--- Exercise directions ---
Looking at the data below, report how many lines contain "open", with no other words.

--- Materials provided ---
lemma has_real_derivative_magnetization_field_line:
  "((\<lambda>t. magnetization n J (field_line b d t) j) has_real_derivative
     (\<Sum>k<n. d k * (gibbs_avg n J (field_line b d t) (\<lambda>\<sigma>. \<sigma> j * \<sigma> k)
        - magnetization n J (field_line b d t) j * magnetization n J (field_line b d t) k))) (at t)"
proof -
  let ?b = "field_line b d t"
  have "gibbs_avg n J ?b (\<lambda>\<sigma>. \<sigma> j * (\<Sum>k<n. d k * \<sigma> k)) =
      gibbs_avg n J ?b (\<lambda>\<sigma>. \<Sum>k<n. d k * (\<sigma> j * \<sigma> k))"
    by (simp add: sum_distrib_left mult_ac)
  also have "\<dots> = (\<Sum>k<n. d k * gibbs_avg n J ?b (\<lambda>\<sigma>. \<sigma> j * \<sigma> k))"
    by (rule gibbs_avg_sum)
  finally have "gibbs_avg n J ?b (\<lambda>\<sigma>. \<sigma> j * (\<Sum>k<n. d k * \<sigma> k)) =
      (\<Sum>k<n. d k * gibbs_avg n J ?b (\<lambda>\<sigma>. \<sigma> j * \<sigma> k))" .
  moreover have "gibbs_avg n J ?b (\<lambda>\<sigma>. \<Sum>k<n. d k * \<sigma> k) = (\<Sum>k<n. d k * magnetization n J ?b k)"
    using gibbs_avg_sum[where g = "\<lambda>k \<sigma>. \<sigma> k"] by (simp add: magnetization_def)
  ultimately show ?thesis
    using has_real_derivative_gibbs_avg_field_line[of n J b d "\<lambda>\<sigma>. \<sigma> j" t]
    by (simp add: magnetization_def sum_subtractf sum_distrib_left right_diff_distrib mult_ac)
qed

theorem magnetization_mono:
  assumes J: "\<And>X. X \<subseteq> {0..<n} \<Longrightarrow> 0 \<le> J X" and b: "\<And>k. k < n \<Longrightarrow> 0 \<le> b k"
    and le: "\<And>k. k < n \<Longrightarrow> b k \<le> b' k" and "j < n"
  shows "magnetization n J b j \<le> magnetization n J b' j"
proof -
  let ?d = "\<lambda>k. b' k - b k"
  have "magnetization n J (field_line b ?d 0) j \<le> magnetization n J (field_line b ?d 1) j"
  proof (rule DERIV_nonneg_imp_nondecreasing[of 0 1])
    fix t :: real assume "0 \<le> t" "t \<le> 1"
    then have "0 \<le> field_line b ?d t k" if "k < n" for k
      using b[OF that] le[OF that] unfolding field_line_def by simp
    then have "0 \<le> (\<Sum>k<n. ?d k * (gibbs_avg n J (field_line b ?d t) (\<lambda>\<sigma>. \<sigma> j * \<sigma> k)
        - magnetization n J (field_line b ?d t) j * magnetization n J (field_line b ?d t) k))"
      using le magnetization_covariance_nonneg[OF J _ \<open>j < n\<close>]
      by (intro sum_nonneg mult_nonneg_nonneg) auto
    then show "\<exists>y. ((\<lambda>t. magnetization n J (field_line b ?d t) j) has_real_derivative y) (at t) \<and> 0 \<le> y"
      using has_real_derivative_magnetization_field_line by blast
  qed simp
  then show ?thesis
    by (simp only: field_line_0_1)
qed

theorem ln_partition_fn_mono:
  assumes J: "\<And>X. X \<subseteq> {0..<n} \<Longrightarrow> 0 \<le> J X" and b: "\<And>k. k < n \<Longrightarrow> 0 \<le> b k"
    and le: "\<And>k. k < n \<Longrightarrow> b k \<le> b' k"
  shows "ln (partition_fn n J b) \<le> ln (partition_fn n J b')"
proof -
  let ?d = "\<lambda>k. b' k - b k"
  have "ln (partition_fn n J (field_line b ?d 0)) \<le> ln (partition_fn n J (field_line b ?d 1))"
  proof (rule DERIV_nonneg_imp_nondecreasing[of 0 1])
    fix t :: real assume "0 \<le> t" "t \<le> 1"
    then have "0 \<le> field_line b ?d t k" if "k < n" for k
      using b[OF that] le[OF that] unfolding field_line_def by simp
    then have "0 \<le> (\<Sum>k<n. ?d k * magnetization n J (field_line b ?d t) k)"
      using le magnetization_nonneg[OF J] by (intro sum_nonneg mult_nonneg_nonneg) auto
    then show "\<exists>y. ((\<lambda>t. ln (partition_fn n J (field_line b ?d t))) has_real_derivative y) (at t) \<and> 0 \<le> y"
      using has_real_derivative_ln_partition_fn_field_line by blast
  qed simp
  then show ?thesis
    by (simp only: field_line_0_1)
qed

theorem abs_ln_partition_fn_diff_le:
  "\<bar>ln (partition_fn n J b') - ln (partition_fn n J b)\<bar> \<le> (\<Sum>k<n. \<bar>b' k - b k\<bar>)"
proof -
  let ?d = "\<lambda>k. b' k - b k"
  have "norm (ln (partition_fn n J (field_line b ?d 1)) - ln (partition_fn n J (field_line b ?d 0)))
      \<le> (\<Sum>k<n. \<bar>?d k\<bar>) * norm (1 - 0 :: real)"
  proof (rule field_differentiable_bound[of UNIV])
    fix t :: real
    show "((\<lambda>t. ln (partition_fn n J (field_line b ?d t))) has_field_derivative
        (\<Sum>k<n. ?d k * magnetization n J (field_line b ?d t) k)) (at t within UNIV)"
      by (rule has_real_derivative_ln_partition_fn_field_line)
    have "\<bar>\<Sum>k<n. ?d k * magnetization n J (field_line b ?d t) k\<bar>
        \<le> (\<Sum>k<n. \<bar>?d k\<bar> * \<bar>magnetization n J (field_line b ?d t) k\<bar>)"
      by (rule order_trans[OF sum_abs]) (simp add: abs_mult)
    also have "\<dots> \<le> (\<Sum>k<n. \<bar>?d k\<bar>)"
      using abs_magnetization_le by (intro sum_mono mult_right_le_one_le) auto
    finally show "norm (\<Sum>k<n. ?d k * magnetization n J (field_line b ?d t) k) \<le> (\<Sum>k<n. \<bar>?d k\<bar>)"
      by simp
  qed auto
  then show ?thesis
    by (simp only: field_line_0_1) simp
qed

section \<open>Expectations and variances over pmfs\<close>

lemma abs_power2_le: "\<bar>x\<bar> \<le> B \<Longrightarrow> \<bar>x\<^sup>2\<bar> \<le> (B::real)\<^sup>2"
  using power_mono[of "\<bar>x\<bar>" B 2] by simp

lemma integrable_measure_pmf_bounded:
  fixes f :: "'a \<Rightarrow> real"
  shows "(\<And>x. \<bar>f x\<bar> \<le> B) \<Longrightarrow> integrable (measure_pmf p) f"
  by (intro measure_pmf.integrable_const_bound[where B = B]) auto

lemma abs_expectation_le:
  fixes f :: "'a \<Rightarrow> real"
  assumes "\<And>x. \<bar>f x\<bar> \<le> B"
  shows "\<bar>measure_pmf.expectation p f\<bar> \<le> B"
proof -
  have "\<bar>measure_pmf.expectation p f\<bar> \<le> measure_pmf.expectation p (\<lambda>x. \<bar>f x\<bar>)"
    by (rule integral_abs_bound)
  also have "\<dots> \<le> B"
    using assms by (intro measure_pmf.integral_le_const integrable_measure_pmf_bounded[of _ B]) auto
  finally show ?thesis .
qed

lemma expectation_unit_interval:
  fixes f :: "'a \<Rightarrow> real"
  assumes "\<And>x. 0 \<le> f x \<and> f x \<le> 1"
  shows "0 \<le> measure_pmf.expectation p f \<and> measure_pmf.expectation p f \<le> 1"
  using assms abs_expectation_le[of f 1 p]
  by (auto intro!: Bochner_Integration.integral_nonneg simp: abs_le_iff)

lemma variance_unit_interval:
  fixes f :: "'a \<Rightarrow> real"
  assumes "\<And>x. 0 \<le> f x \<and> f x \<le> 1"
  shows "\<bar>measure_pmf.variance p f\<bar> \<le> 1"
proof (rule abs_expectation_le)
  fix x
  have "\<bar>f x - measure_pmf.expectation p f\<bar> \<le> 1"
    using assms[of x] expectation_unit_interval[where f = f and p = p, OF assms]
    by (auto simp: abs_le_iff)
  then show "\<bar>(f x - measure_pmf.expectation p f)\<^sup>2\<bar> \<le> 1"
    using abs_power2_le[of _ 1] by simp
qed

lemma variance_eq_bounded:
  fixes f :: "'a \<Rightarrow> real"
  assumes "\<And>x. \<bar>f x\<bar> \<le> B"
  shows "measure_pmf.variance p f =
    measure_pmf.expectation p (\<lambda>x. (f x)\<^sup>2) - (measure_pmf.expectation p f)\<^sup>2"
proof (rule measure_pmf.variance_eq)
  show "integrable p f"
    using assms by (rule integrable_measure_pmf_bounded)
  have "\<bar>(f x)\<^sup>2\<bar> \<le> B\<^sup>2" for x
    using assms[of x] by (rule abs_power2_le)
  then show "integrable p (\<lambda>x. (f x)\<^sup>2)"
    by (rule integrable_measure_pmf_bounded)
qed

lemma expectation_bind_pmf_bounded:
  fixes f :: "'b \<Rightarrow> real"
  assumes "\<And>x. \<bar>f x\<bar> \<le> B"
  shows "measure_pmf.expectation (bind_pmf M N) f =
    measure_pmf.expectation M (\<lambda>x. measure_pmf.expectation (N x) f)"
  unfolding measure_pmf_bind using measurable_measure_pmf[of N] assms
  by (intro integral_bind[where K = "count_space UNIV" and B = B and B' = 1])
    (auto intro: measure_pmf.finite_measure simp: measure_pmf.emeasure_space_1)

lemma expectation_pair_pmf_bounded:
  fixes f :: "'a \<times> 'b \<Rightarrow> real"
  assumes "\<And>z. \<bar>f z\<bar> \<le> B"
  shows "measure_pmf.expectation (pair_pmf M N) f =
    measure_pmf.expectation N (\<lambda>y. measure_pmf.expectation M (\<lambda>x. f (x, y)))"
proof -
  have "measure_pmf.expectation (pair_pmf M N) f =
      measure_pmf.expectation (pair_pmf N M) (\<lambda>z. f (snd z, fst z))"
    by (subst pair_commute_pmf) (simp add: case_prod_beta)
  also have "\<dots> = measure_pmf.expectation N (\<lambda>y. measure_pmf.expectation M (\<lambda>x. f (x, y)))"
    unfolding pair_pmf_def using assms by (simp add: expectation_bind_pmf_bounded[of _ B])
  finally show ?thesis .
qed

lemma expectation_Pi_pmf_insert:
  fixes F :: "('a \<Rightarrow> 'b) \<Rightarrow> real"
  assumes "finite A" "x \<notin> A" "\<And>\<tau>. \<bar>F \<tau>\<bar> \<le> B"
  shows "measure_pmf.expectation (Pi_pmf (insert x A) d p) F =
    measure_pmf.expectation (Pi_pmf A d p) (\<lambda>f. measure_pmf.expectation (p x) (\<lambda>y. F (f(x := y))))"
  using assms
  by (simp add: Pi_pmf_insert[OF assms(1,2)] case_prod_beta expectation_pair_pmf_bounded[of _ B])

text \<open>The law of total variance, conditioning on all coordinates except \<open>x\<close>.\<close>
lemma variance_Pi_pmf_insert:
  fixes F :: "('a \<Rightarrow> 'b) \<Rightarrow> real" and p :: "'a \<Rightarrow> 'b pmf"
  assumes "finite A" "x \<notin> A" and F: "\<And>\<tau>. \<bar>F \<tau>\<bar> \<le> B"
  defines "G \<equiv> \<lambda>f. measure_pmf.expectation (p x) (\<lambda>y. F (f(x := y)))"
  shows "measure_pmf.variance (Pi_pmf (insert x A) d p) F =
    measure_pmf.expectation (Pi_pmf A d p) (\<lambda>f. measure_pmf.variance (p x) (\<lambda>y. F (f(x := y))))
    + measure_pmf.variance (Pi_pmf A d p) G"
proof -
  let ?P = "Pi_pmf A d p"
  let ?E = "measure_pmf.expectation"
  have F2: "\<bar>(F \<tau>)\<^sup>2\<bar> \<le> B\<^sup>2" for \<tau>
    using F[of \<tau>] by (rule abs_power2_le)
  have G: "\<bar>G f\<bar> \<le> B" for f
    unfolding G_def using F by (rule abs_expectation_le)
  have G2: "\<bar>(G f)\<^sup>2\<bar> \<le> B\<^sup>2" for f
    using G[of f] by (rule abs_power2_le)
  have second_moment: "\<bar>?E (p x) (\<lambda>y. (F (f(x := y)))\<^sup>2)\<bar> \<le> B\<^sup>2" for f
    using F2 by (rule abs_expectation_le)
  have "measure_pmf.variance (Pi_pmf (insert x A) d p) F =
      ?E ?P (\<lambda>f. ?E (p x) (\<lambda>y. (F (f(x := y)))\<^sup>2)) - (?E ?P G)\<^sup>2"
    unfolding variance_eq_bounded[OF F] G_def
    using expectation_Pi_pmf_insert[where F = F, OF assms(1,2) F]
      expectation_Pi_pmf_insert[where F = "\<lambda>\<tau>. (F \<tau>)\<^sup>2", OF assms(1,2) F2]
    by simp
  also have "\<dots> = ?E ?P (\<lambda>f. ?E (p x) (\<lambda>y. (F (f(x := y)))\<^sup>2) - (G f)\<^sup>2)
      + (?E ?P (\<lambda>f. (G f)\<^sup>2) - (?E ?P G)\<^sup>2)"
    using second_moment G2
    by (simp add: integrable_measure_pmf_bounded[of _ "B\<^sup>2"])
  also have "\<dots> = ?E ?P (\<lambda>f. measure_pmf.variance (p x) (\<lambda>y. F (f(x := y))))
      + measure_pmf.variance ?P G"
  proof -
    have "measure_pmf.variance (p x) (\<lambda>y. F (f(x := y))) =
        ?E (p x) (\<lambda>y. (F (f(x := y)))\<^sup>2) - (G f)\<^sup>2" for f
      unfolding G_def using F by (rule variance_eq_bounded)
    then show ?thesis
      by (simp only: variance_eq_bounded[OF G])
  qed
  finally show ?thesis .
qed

--- Solution to this exercise ---
3